Mind the Gap: Avoiding the Pitfalls of Presumptive Idemnification

When considering whether to serve as a fiduciary of a company, prospective officers and directors need to look beyond D&O liability insurance. Prospective directors and officers also need to be aware of any limitations that exist in the indemnification provided by the company. Seemingly innocuous deviations in language can lead to profound economic impact for officers and directors in the event of a claim.

If the indemnification that a company provides stops short of giving the maximum protection permissible under law, the company’s directors and officers may find themselves facing a large, uninsured loss at claim time. That is because many D&O insurance policies contain “presumptive indemnification” clauses.

These clauses state that, for purposes of providing coverage under the policy, it will be assumed that the company will indemnify its directors and officers to the “fullest extent permitted by law”. In other words, it does not matter what the company actually does. When a claim is made, the insurance only covers claims relating to matters beyond those for which a director could legally have been indemnified, leaving the directors exposed to personal liability beyond that.

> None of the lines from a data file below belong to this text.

lemma nn_integral_coordinate_step:
  assumes "i \<in> I" and "0 \<le> \<gamma>"
  shows "(\<integral>\<^sup>+ w. ennreal (lam i powr k * ((t - (\<gamma> * (t \<bullet> X w)) *\<^sub>R X w) \<bullet> e i)\<^sup>2) \<partial>M)
      + ennreal (2 * \<gamma>) * ennreal (lam i powr (k + 1) * (t \<bullet> e i)\<^sup>2)
    \<le> ennreal (lam i powr k * (t \<bullet> e i)\<^sup>2)
      + ennreal (\<gamma>\<^sup>2) * (\<integral>\<^sup>+ w. ennreal ((t \<bullet> X w)\<^sup>2) * ennreal (lam i powr k * (X w \<bullet> e i)\<^sup>2) \<partial>M)"
proof -
  define \<mu> where "\<mu> = lam i powr k"
  define x where "x = t \<bullet> e i"
  define Z where "Z w = (t \<bullet> X w) * (X w \<bullet> e i)" for w
  have [measurable]: "Z \<in> borel_measurable M"
    unfolding Z_def by measurable
  have \<mu>: "0 \<le> \<mu>"
    by (simp add: \<mu>_def)
  have Z: "integrable M Z" "expectation Z = lam i * x"
    unfolding Z_def x_def
    by (rule integrable_inner_mult_inner[OF assms(1)], rule integral_inner_mult_inner[OF assms(1)])
  have lam: "0 \<le> lam i"
    using lam_pos[OF assms(1)] by simp
  have cross: "0 \<le> \<gamma> * x * expectation Z"
  proof -
    have "\<gamma> * x * expectation Z = \<gamma> * (lam i * (x * x))"
      unfolding Z(2) by (simp add: mult_ac)
    moreover have "0 \<le> \<gamma> * (lam i * (x * x))"
      using \<open>0 \<le> \<gamma>\<close> lam by (simp add: mult_nonneg_nonneg)
    ultimately show ?thesis
      by linarith
  qed
  have "(\<integral>\<^sup>+ w. ennreal (\<mu> * ((t - (\<gamma> * (t \<bullet> X w)) *\<^sub>R X w) \<bullet> e i)\<^sup>2) \<partial>M)
      + ennreal (2 * \<gamma>) * ennreal (\<mu> * lam i * x\<^sup>2)
    = ennreal \<mu> * ((\<integral>\<^sup>+ w. ennreal ((x - \<gamma> * Z w)\<^sup>2) \<partial>M) + ennreal (2 * \<gamma> * x * expectation Z))"
  proof -
    have "(t - (\<gamma> * (t \<bullet> X w)) *\<^sub>R X w) \<bullet> e i = x - \<gamma> * Z w" for w
      by (simp add: x_def Z_def inner_diff_left algebra_simps)
    moreover have "ennreal (2 * \<gamma>) * ennreal (\<mu> * lam i * x\<^sup>2) = ennreal \<mu> * ennreal (2 * \<gamma> * x * expectation Z)"
    proof -
      have "ennreal (2 * \<gamma>) * ennreal (\<mu> * lam i * x\<^sup>2) = ennreal (2 * \<gamma> * (\<mu> * lam i * x\<^sup>2))"
        using \<open>0 \<le> \<gamma>\<close> by (simp add: ennreal_mult')
      also have "\<dots> = ennreal (\<mu> * (2 * \<gamma> * x * expectation Z))"
        by (simp add: Z(2) power2_eq_square mult_ac)
      also have "\<dots> = ennreal \<mu> * ennreal (2 * \<gamma> * x * expectation Z)"
        using \<mu> by (rule ennreal_mult')
      finally show ?thesis .
    qed
    ultimately show ?thesis
      using \<mu> by (simp add: ennreal_mult nn_integral_cmult distrib_left)
  qed
  also have "\<dots> \<le> ennreal \<mu> * (ennreal (x\<^sup>2) + ennreal (\<gamma>\<^sup>2) * (\<integral>\<^sup>+ w. ennreal ((Z w)\<^sup>2) \<partial>M))"
    using cross by (intro mult_left_mono nn_integral_square_diff_le Z(1)) simp_all
  also have "\<dots> = ennreal (\<mu> * x\<^sup>2)
      + ennreal (\<gamma>\<^sup>2) * (\<integral>\<^sup>+ w. ennreal ((t \<bullet> X w)\<^sup>2) * ennreal (\<mu> * (X w \<bullet> e i)\<^sup>2) \<partial>M)"
    using \<mu> by (simp add: Z_def ennreal_mult[symmetric] nn_integral_cmult[symmetric] distrib_left
        power_mult_distrib algebra_simps)
  finally show ?thesis
    using lam by (simp add: \<mu>_def x_def powr_add)
qed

Fortunately, under most D&O policies, the presumptive indemnification provision is not an “all or nothing” proposition. But there is still significant risk associated with these provisions. Most companies purchase D&O insurance with self-insured retentions, which operate like a deductible that only applies to losses where the insurance company reimburses the insured for indemnification that it provided to its directors and officers. Although the retention does not typically apply in the case where directors and officers are not indemnified by the company, the “presumptive indemnification” provision often states that if a company is legally permitted to indemnify a director or officer but fails to do so for any reason other than financial insolvency, then the large company retention applies to the claim. Thus, the policy provides coverage, but only after satisfaction of the retention. Given that these retentions are often very substantial, the effect may be to eviscerate the intended coverage for directors and officers.